Below are the records; give again exactly the line with "theory Defs", the line with "the index range", and each line that lies between them, and nothing besides.

[Stored items]
========================================================================

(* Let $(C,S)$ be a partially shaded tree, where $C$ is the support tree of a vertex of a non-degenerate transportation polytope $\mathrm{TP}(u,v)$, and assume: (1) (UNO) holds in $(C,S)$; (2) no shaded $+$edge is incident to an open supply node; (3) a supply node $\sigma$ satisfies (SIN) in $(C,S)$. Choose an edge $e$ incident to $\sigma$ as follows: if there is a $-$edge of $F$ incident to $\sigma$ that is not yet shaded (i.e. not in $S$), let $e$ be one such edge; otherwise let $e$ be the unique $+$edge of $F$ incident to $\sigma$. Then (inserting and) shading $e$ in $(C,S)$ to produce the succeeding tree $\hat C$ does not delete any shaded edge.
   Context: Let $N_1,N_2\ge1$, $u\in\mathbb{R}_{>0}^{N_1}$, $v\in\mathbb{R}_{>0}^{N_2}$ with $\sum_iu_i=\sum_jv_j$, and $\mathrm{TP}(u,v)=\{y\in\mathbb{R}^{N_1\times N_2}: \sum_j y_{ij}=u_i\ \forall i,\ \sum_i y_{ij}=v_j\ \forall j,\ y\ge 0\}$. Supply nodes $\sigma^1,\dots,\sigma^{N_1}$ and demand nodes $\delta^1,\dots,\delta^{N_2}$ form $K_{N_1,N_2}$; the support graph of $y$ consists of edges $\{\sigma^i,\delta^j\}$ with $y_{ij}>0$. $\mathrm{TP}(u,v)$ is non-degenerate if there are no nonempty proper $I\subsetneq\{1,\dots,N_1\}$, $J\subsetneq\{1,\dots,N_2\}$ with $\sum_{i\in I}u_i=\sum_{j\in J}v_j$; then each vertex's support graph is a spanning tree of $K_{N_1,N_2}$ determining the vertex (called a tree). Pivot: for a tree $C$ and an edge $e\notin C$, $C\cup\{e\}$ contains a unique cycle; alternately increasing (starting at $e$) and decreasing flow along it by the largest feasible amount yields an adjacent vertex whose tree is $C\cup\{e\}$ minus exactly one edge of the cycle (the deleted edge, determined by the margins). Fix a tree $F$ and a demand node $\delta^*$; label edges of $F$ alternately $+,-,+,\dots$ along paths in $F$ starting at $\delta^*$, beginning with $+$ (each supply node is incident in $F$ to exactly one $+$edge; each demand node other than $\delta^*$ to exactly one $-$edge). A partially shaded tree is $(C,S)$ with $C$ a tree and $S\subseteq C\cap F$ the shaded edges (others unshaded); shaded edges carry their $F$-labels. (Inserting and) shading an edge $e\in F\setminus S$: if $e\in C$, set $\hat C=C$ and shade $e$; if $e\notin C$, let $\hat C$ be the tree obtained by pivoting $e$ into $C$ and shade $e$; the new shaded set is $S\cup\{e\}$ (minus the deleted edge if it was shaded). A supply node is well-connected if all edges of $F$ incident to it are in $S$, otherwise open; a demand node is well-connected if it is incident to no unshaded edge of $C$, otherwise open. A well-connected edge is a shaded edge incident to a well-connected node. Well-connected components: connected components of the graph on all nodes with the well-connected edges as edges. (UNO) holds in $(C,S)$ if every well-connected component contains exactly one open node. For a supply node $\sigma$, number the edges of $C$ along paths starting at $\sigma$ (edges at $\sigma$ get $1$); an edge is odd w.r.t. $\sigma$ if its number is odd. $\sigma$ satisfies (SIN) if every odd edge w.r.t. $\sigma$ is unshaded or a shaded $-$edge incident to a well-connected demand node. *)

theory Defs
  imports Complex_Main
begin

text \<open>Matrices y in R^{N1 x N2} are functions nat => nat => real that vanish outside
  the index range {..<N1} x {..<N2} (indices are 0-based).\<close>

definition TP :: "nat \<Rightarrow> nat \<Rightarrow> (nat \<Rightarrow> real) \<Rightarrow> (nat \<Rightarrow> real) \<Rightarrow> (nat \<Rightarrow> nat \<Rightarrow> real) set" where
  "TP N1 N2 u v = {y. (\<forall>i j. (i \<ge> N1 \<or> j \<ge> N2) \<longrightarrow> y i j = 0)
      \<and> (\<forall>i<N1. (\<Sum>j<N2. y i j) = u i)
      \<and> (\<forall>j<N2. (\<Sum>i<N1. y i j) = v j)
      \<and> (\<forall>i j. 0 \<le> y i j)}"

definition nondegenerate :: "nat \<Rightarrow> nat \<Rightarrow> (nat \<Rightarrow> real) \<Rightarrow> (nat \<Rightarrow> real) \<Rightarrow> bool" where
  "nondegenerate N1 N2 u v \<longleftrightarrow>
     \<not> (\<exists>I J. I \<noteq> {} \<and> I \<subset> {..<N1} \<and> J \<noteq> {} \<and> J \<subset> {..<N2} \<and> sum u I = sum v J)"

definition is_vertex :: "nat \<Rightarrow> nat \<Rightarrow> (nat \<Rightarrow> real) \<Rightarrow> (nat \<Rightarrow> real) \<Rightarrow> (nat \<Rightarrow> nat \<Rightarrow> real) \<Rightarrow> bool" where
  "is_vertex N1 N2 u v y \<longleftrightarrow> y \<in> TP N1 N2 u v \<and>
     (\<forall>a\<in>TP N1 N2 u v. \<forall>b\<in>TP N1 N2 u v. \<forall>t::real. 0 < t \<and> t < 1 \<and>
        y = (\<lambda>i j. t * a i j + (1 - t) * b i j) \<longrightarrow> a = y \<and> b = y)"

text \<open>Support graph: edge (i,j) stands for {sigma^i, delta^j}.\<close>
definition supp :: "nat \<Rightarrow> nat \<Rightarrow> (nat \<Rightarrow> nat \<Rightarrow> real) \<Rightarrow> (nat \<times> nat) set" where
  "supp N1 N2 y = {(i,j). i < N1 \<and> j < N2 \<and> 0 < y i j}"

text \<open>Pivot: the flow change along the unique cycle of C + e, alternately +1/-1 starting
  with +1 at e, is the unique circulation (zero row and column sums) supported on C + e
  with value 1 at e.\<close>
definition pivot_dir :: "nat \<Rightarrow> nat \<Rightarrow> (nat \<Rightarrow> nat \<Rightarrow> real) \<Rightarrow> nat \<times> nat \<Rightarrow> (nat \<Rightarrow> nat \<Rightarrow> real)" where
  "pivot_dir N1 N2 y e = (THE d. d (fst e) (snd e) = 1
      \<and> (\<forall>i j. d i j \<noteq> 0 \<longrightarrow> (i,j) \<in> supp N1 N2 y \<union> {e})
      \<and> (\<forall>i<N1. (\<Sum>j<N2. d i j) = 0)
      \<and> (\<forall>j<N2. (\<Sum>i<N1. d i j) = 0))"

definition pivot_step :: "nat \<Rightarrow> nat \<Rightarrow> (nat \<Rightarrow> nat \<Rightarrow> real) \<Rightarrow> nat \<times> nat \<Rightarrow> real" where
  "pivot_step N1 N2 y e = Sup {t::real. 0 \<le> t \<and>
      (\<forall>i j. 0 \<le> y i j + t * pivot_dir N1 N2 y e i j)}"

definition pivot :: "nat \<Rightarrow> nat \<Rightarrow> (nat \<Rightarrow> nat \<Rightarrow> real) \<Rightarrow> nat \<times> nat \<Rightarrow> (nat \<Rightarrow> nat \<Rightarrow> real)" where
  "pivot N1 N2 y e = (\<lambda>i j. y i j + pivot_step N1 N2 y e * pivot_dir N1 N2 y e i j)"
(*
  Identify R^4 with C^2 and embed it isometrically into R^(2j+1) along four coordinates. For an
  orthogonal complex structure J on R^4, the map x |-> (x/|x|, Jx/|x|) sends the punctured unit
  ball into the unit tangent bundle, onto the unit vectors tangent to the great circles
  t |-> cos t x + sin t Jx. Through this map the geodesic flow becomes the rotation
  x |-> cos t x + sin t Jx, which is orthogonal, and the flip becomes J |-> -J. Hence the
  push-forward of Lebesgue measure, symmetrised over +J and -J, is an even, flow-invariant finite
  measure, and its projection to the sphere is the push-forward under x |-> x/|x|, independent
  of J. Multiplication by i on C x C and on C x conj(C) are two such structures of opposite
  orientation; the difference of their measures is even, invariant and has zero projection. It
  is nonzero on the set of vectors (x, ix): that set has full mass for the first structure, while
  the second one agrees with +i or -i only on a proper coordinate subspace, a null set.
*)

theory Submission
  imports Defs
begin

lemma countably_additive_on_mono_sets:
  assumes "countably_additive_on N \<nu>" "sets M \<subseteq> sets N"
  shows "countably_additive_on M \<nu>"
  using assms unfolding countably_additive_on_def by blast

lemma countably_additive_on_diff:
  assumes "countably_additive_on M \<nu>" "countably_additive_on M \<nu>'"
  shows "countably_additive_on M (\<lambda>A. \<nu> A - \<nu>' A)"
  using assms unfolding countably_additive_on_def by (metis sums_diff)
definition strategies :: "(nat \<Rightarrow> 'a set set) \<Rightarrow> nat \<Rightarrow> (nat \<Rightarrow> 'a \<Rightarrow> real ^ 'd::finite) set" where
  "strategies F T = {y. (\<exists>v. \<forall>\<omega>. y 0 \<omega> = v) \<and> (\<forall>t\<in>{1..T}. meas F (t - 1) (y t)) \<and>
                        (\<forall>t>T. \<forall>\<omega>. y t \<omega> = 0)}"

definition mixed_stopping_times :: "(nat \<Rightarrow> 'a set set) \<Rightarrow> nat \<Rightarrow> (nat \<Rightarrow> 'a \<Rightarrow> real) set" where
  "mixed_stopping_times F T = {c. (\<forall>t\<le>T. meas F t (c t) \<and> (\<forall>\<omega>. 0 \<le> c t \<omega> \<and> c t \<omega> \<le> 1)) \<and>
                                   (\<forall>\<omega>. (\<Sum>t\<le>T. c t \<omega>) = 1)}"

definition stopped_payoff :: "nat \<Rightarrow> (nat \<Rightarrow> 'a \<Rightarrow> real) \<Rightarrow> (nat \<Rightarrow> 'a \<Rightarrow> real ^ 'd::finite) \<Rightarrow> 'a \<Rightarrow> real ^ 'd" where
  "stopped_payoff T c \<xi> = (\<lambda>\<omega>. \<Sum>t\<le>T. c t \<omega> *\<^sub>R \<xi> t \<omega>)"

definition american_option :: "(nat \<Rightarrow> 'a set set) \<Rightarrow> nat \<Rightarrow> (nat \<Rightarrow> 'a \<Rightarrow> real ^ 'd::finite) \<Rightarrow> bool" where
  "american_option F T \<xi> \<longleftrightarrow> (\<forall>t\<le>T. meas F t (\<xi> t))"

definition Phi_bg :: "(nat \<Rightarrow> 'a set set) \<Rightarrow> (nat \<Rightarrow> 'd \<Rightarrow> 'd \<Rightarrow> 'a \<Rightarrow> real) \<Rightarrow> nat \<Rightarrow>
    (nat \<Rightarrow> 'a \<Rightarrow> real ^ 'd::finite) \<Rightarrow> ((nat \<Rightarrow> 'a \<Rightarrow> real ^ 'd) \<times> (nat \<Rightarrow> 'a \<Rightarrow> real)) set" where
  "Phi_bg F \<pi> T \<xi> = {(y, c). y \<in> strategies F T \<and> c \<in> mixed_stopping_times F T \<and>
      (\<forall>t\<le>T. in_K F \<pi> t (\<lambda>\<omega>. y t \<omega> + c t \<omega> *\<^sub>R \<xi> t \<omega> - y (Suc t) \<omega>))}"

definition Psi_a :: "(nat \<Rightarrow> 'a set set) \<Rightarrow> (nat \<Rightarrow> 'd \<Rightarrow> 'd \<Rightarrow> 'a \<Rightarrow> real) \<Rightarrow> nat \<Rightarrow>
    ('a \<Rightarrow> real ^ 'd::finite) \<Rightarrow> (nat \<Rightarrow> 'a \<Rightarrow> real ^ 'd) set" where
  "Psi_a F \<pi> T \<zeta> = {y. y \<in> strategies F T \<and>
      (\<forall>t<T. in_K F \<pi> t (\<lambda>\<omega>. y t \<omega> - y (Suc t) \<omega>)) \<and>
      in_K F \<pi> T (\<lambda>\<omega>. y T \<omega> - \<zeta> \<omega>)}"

========================================================================

_TASK RESULT_.
theory Defs
  imports Complex_Main
begin

text \<open>Matrices y in R^{N1 x N2} are functions nat => nat => real that vanish outside
  the index range {..<N1} x {..<N2} (indices are 0-based).\<close>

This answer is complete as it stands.